Me gusta la imagen de la perla, el tesoro que uno halla en el más impensado de los lugares. Quizás porque me sugiere la necesidad de estar siempre atento, de no llevarme por las apariencias: se puede encontrar oro entre el barro del fondo del mar. O tal vez porque me ayuda a permanecer en el estado de discreto asombro que me parece la mejor manera de existir: ya llevo una regia cantidad de años en este mundo, y aun así no deja de sorprenderme lo providencial del fenómeno de la vida.

  Pocos días atrás me compré el DVD de Bullitt, el clásico policial dirigido por Peter Yates: una edición de lujo, con documentales sobre Steve McQueen y la mar en coche. (Ya sé que se están preguntando cuál es la relación entre Bullitt, las perlas y el fenómeno de la vida, pero ténganme paciencia.) Me puse a ver la película el domingo. Lo que primero me llamó la atención fue lo más obvio: la parquedad del relato –no se cuenta nada que no sea estrictamente necesario, Bullitt está a centímetros de ser una película muda-, la aparición de Robert Duvall en un papel menor, la elegancia con que Yates narra toneladas en un único plano (cuando Bullitt llega a una reunión de mujeres de sociedad, por ejemplo, y lo vemos pequeñísimo, atrapado por el marco de la puerta y por las polleras y abrigos de piel de las mujeres gigantes que figuran en el primer plano) y por supuesto la persecución automovilística por las calles de San Francisco, que como el buen vino sólo mejora con el tiempo. Me sorprendió también la cacería final entre las pistas del aeropuerto: la tenía totalmente olvidada, y registré entonces cuánto le debe Michael Mann, que la recreó para el climax de Heat.

Ya pasada la mitad del relato, Bullitt tiene una escena con su novia, interpretada por la bellísima Jacqueline Bisset. No es mucho lo que sabemos de esa relación, más allá de que ella es una profesional liberal, arquitecta o algo así, y cuán incómodo se siente Bullitt cada vez que debe acompañarla a alguna reunión. Entonces llega el momento en que ella debe sumergirse en el mundo de él, atisbando la violencia que Bullitt frecuenta a diario. Entra en estado de shock, se cuestiona la sensatez de su relación: le pregunta a Bullitt qué será de ellos con el tiempo. Y entonces Bullitt, que es de los que no abre la boca ni siquiera cuando va al médico a que le revisen la garganta, dice la frase que clausura la secuencia: Time starts now. El tiempo comienza ahora.

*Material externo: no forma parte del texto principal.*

(* Let $\overline F_1=\mathrm{As}\odot\Bbbk\{\mathsf f_n\mid n\ge1\}\odot\mathrm{As}$ be the free $\mathrm{As}$-$\mathrm{As}$-bimodule on generators $\mathsf f_n$ of arity $n$, degree $1-n$, with differential $$\mathsf f_k\partial=\sum_{r+2+t=k}(-1)^t(1^{\otimes r}\otimes m\otimes1^{\otimes t})\mathsf f_{k-1}+\sum_{i+j=k,\ i,j\ge1}(-1)^j(\mathsf f_i\otimes\mathsf f_j)m,$$ where $m=m^{(2)}$. Let $p:\overline F_1\to\mathrm{As}$ be the bimodule map with $\mathsf f_1\mapsto m^{(1)}$ and $\mathsf f_n\mapsto0$ for $n\ge2$. Then $p$ is a homotopy equivalence in the dg-category of left $\mathrm{As}$-modules, with homotopy inverse the left $\mathrm{As}$-module map $\beta:\mathrm{As}\to\overline F_1$, $m^{(1)}\mapsto\mathsf f_1$; in particular $\beta p=1_{\mathrm{As}}$ and $p\beta$ is homotopic to an invertible map.
   Context: $\Bbbk$ a commutative ring; complexes of $\Bbbk$-modules, Koszul signs. $\mathrm{As}$ is the dg-operad with $\mathrm{As}(0)=0$, $\mathrm{As}(n)=\Bbbk m^{(n)}$ ($n\ge1$, degree 0), $m^{(1)}$ the unit, $(m^{(n_1)}\otimes\dots\otimes m^{(n_k)})m^{(k)}=m^{(n_1+\dots+n_k)}$. Compositions and actions are written on the right: $(a_1\otimes\dots\otimes a_k)p$ is the left action of operad elements $a_s$ on $p$ of arity $k$; $(p_1\otimes\dots\otimes p_k)b$ is the right action; $1$ is the operad unit. As a left $\mathrm{As}$-module, $\overline F_1$ is free on the elements $(\mathsf f_{i_1}\otimes\dots\otimes\mathsf f_{i_k})m^{(k)}$, $k\ge1$, $i_s\ge1$. For a dg-operad $\mathcal O$, the dg-category of left $\mathcal O$-modules has as objects collections with an associative unital left action $\mathcal O\odot\mathcal P\to\mathcal P$, degree-$t$ morphisms $f$ are families of degree-$t$ linear maps $f(n):\mathcal P(n)\to\mathcal Q(n)$ commuting with the left action, and the differential is $f\mapsto f\partial-(-1)^{t}\partial f$. Composition is written in diagrammatic order ($\beta p$ means $\beta$ then $p$). *)

theory Defs
  imports Main
begin

text \<open>A left As-module whose underlying collection is free over the ground ring
on a basis: bas n is the basis of arity n, dg gives the degree of a basis element,
actb as b is the basis element (m^(a_1) tensor ... tensor m^(a_n)) b (the As-action
sends basis elements to basis elements, since every As(n), n>=1, is free of rank one
on m^(n), and As(0)=0), and difb b is the differential of the basis element b,
given by its coefficient function.\<close>

record ('b, 'a) dgmod =
  bas  :: "nat \<Rightarrow> 'b set"
  dg   :: "'b \<Rightarrow> int"
  actb :: "nat list \<Rightarrow> 'b \<Rightarrow> 'b"
  difb :: "'b \<Rightarrow> 'b \<Rightarrow> 'a"

definition supp :: "('b \<Rightarrow> 'a::zero) \<Rightarrow> 'b set" where
  "supp x = {b. x b \<noteq> 0}"

definition elems :: "'b set \<Rightarrow> ('b \<Rightarrow> 'a::zero) set" where
  "elems B = {x. finite (supp x) \<and> supp x \<subseteq> B}"

definition lin_ext :: "('b \<Rightarrow> 'c \<Rightarrow> 'a::comm_ring_1) \<Rightarrow> ('b \<Rightarrow> 'a) \<Rightarrow> ('c \<Rightarrow> 'a)" where
  "lin_ext F x = (\<lambda>c. \<Sum>b\<in>supp x. x b * F b c)"

definition lact :: "('b, 'a::comm_ring_1) dgmod \<Rightarrow> nat list \<Rightarrow> ('b \<Rightarrow> 'a) \<Rightarrow> ('b \<Rightarrow> 'a)" where
  "lact M as x = lin_ext (\<lambda>b c. if actb M as b = c then 1 else 0) x"

definition dif :: "('b, 'a::comm_ring_1) dgmod \<Rightarrow> ('b \<Rightarrow> 'a) \<Rightarrow> ('b \<Rightarrow> 'a)" where
  "dif M x = lin_ext (difb M) x"

definition homog :: "('b, 'a::zero) dgmod \<Rightarrow> int \<Rightarrow> ('b \<Rightarrow> 'a) \<Rightarrow> bool" where
  "homog M d x \<longleftrightarrow> supp x \<subseteq> {b. dg M b = d}"

definition is_lmod_map ::
  "('b, 'a::comm_ring_1) dgmod \<Rightarrow> ('c, 'a) dgmod \<Rightarrow> int
     \<Rightarrow> (nat \<Rightarrow> ('b \<Rightarrow> 'a) \<Rightarrow> ('c \<Rightarrow> 'a)) \<Rightarrow> bool" where
  "is_lmod_map M Q t f \<longleftrightarrow>
    (\<forall>n.
      (\<forall>x\<in>elems (bas M n). f n x \<in> elems (bas Q n)) \<and>
      (\<forall>x\<in>elems (bas M n). \<forall>y\<in>elems (bas M n).
          f n (\<lambda>b. x b + y b) = (\<lambda>c. f n x c + f n y c)) \<and>
      (\<forall>x\<in>elems (bas M n). \<forall>r. f n (\<lambda>b. r * x b) = (\<lambda>c. r * f n x c)) \<and>
      (\<forall>x\<in>elems (bas M n). \<forall>d. homog M d x \<longrightarrow> homog Q (d + t) (f n x)) \<and>
      (\<forall>as. \<forall>x\<in>elems (bas M n). length as = n \<and> (\<forall>a\<in>set as. 1 \<le> a) \<longrightarrow>
          f (sum_list as) (lact M as x) = lact Q as (f n x)))"

definition sgn_pow :: "int \<Rightarrow> 'a::comm_ring_1" where
  "sgn_pow t = (if even t then 1 else -1)"

text \<open>Differential of the hom-complex, diagrammatic order:
 D f = f\<partial> - (-1)^t \<partial>f, i.e. (f then \<partial>_Q) - (-1)^t (\<partial>_M then f).\<close>
definition dmap ::
  "('b, 'a::comm_ring_1) dgmod \<Rightarrow> ('c, 'a) dgmod \<Rightarrow> int
     \<Rightarrow> (nat \<Rightarrow> ('b \<Rightarrow> 'a) \<Rightarrow> ('c \<Rightarrow> 'a)) \<Rightarrow> (nat \<Rightarrow> ('b \<Rightarrow> 'a) \<Rightarrow> ('c \<Rightarrow> 'a))" where
  "dmap M Q t f = (\<lambda>n x c. dif Q (f n x) c - sgn_pow t * f n (dif M x) c)"

definition closed_map ::
  "('b, 'a::comm_ring_1) dgmod \<Rightarrow> ('c, 'a) dgmod
     \<Rightarrow> (nat \<Rightarrow> ('b \<Rightarrow> 'a) \<Rightarrow> ('c \<Rightarrow> 'a)) \<Rightarrow> bool" where
  "closed_map M Q f \<longleftrightarrow> is_lmod_map M Q 0 f \<and>
     (\<forall>n. \<forall>x\<in>elems (bas M n). dmap M Q 0 f n x = (\<lambda>c. 0))"
(* Let $\beta\in\mathbb{F}_{p^m}\setminus\{0\}$. The isodual $(\alpha+\beta u)$-constacyclic codes of length $4p^s$ over $R$ are exactly the codes $$\left\langle\left(x^2+\gamma x+\tfrac{\gamma^2}{2}\right)^i\left(x^2-\gamma x+\tfrac{\gamma^2}{2}\right)^{2p^s-i}\right\rangle,\qquad 0\le i\le 2p^s,$$ (ideals of $R[x]/\langle x^{4p^s}-(\alpha+\beta u)\rangle$).
   Context: Let $p$ be an odd prime and $m,s$ positive integers with $p^m\equiv 3\pmod 4$; $\mathbb{F}_{p^m}$ is the field with $p^m$ elements and $R=\mathbb{F}_{p^m}[u]/\langle u^2\rangle$. Fix $\alpha\in\mathbb{F}_{p^m}\setminus\{0\}$ that is not a square in $\mathbb{F}_{p^m}$, let $\alpha_0\in\mathbb{F}_{p^m}$ satisfy $\alpha_0^{p^s}=\alpha$, and let $\gamma\in\mathbb{F}_{p^m}$ satisfy $\gamma^4+4\alpha_0=0$. A $\lambda$-constacyclic code of length $n$ over $R$ ($\lambda$ a unit) is an $R$-submodule of $R^n$ closed under $(c_0,\dots,c_{n-1})\mapsto(\lambda c_{n-1},c_0,\dots,c_{n-2})$, identified with an ideal of $R[x]/\langle x^n-\lambda\rangle$. Its dual $\mathcal{C}^\perp$ is taken w.r.t. the standard inner product $a\cdot c=\sum a_kc_k$. A code $\mathcal{C}$ is isodual if there is a monomial map $T(c_0,\dots,c_{n-1})=(u_0c_{\sigma(0)},\dots,u_{n-1}c_{\sigma(n-1)})$ ($\sigma$ a permutation of $\{0,\dots,n-1\}$, $u_k$ units of $R$) with $T(\mathcal{C})=\mathcal{C}^\perp$. *)

theory Defs
  imports "HOL-Computational_Algebra.Polynomial" "HOL-Combinatorics.Permutations"
begin

text \<open>An element DN a b represents a + b u with u^2 = 0.\<close>

datatype 'a dnum = DN (re: 'a) (ep: 'a)

instantiation dnum :: (comm_ring_1) comm_ring_1
begin

definition zero_dnum :: "'a dnum" where "zero_dnum = DN 0 0"
definition one_dnum :: "'a dnum" where "one_dnum = DN 1 0"
definition plus_dnum :: "'a dnum \<Rightarrow> 'a dnum \<Rightarrow> 'a dnum"
  where "plus_dnum x y = DN (re x + re y) (ep x + ep y)"
definition minus_dnum :: "'a dnum \<Rightarrow> 'a dnum \<Rightarrow> 'a dnum"
  where "minus_dnum x y = DN (re x - re y) (ep x - ep y)"
definition uminus_dnum :: "'a dnum \<Rightarrow> 'a dnum"
  where "uminus_dnum x = DN (- re x) (- ep x)"
definition times_dnum :: "'a dnum \<Rightarrow> 'a dnum \<Rightarrow> 'a dnum"
  where "times_dnum x y = DN (re x * re y) (re x * ep y + ep x * re y)"
text \<open>The length hypothesis says that the word is reduced: no two strands cross twice.\<close>
theorem burau_word_eq_perm_burau:
  assumes "\<forall>j\<in>set w. 1 \<le> j \<and> j < n" "length w = card (inversions n (word_perm w))"
  shows "burau_word n w = perm_burau n (word_perm w)"
  using assms
proof (induction w rule: rev_induct)
  case Nil
  show ?case
    unfolding word_perm_Nil perm_burau_id by (simp add: burau_word_def)
next
  case (snoc j w)
  then have w: "\<forall>i\<in>set w. 1 \<le> i \<and> i < n" and j: "1 \<le> j" "j < n"
    by simp_all
  have inj: "inj_on (word_perm w) {1..n}"
    using bij_betw_imp_inj_on[OF bij_betw_word_perm[OF w]] .
  obtain A B where A: "A \<in> {1..n}" "word_perm w A = j" and B: "B \<in> {1..n}" "word_perm w B = Suc j"
    using word_perm_preimages[OF w j] .
  have card_snoc: "Suc (length w) = card (inversions n (swp j \<circ> word_perm w))"
    using snoc.prems(2) unfolding word_perm_snoc length_append_singleton .
  have "A < B"
  proof (rule ccontr)
    assume "\<not> A < B"
    then have "card (inversions n (swp j \<circ> word_perm w)) \<le> card (inversions n (word_perm w))"
      using card_inversions_swp[OF inj A B] by simp
    then show False
      using card_snoc card_inversions_word_perm_le[OF w] by simp
  qed
  then have "length w = card (inversions n (word_perm w))"
    using card_snoc card_inversions_swp[OF inj A B] by simp
  then have "burau_word n (w @ [j]) = perm_burau n (word_perm w) * burau_gen n j"
    using snoc.IH w by (simp add: burau_word_snoc)
  also have "\<dots> = perm_burau n (swp j \<circ> word_perm w)"
    using perm_burau_mult_burau_gen[OF inj A B \<open>A < B\<close> j] .
  finally show ?case
    unfolding word_perm_snoc .
qed
lemma dims_le_if_surj:
  assumes "f ` H = K"
  shows "dim E' \<le> dim E" "dim D' \<le> dim D"
proof -
  have "dim E' \<le> dim (f1 ` E)"
    using components_onto_if_surj(1)[OF assms] by (rule dim_subset)
  also have "\<dots> \<le> dim E"
    using linear_f1 by (rule dim_image_le)
  finally show "dim E' \<le> dim E" .
  show "dim D' \<le> dim D"
    using dim_le_if_onto_additive_on[OF H(2,3) additive_f2 components_onto_if_surj(2)[OF assms]] .
qed

lemma cmod_tdim_le_if_inj: "inj_on f H \<Longrightarrow> cmod (tdim H) \<le> cmod (tdim K)"
  unfolding tdim_closed_group_decomp[OF decomp_H] tdim_closed_group_decomp[OF decomp_K]
  using dims_le_if_inj by (intro cmod_Complex_mono) auto

lemma cmod_tdim_le_if_surj: "f ` H = K \<Longrightarrow> cmod (tdim K) \<le> cmod (tdim H)"
  unfolding tdim_closed_group_decomp[OF decomp_H] tdim_closed_group_decomp[OF decomp_K]
  using dims_le_if_surj by (intro cmod_Complex_mono) auto

lemma tdim_eq_if_bij: "bij_betw f H K \<Longrightarrow> tdim H = tdim K"
  unfolding tdim_closed_group_decomp[OF decomp_H] tdim_closed_group_decomp[OF decomp_K]
  using dims_le_if_inj dims_le_if_surj by (simp add: bij_betw_def le_antisym)

lemma closed_additive_subgroup_image:
  "additive_subgroup H \<Longrightarrow> closed_additive_subgroup (f ` H)"
  unfolding closed_additive_subgroup_def
  using closed_image additive_subgroup_image_additive_on additive_on_f by blast

lemma closed_additive_subgroup_preimage:
  assumes "closed_additive_subgroup H" "closed_additive_subgroup L"
  shows "closed_additive_subgroup {x \<in> H. f x \<in> L}"
proof -
  have "{x \<in> H. f x \<in> L} = H \<inter> f -` L"
    by blast
  moreover have "closed (H \<inter> f -` L)"
    using continuous_on_f assms unfolding closed_additive_subgroup_def
    by (blast intro: continuous_closed_preimage)
  moreover have "additive_subgroup {x \<in> H. f x \<in> L}"
    using assms additive_subgroup_vimage_additive_on additive_on_f
    unfolding closed_additive_subgroup_def by blast
  ultimately show ?thesis
    unfolding closed_additive_subgroup_def by simp
qed

end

Lo primero que me sorprendió fue la impropiedad de la frase en esos labios. Nada de lo previo hace suponer que Bullitt es capaz de decir algo que sonaría más adecuado en boca de, por ejemplo, Baruch Spinoza. Pensé que la frase también era correcta en lo científico: si el tiempo fluye en dos direcciones a la vez, hacia delante y hacia atrás (por más que nosotros sólo podamos experimentarlo hacia delante), eso significaría que forma una suerte de loop, de cinta interminable, de la cual cada punto puede servir igualmente como principio. Pero lo que más resonó en mi alma fue otra lectura de la frase, una que podría utilizarla como principio de vida. Se me ocurrió que el tiempo comienza ahora es una manera de decir que somos libres de decidir sobre nuestra vida a cada momento, que podemos construir nuestro propio tiempo cada vez que lo deseemos, cada vez que sea necesario. Por supuesto que la parte ya vivida de nuestro tiempo viaja hacia nuestro futuro como parte del loop, y por ende contribuyendo con la noción del karma, aquello de que todo vuelve; pero modificar nuestro presente sigue siendo una opción válida, la condición misma de nuestra libertad.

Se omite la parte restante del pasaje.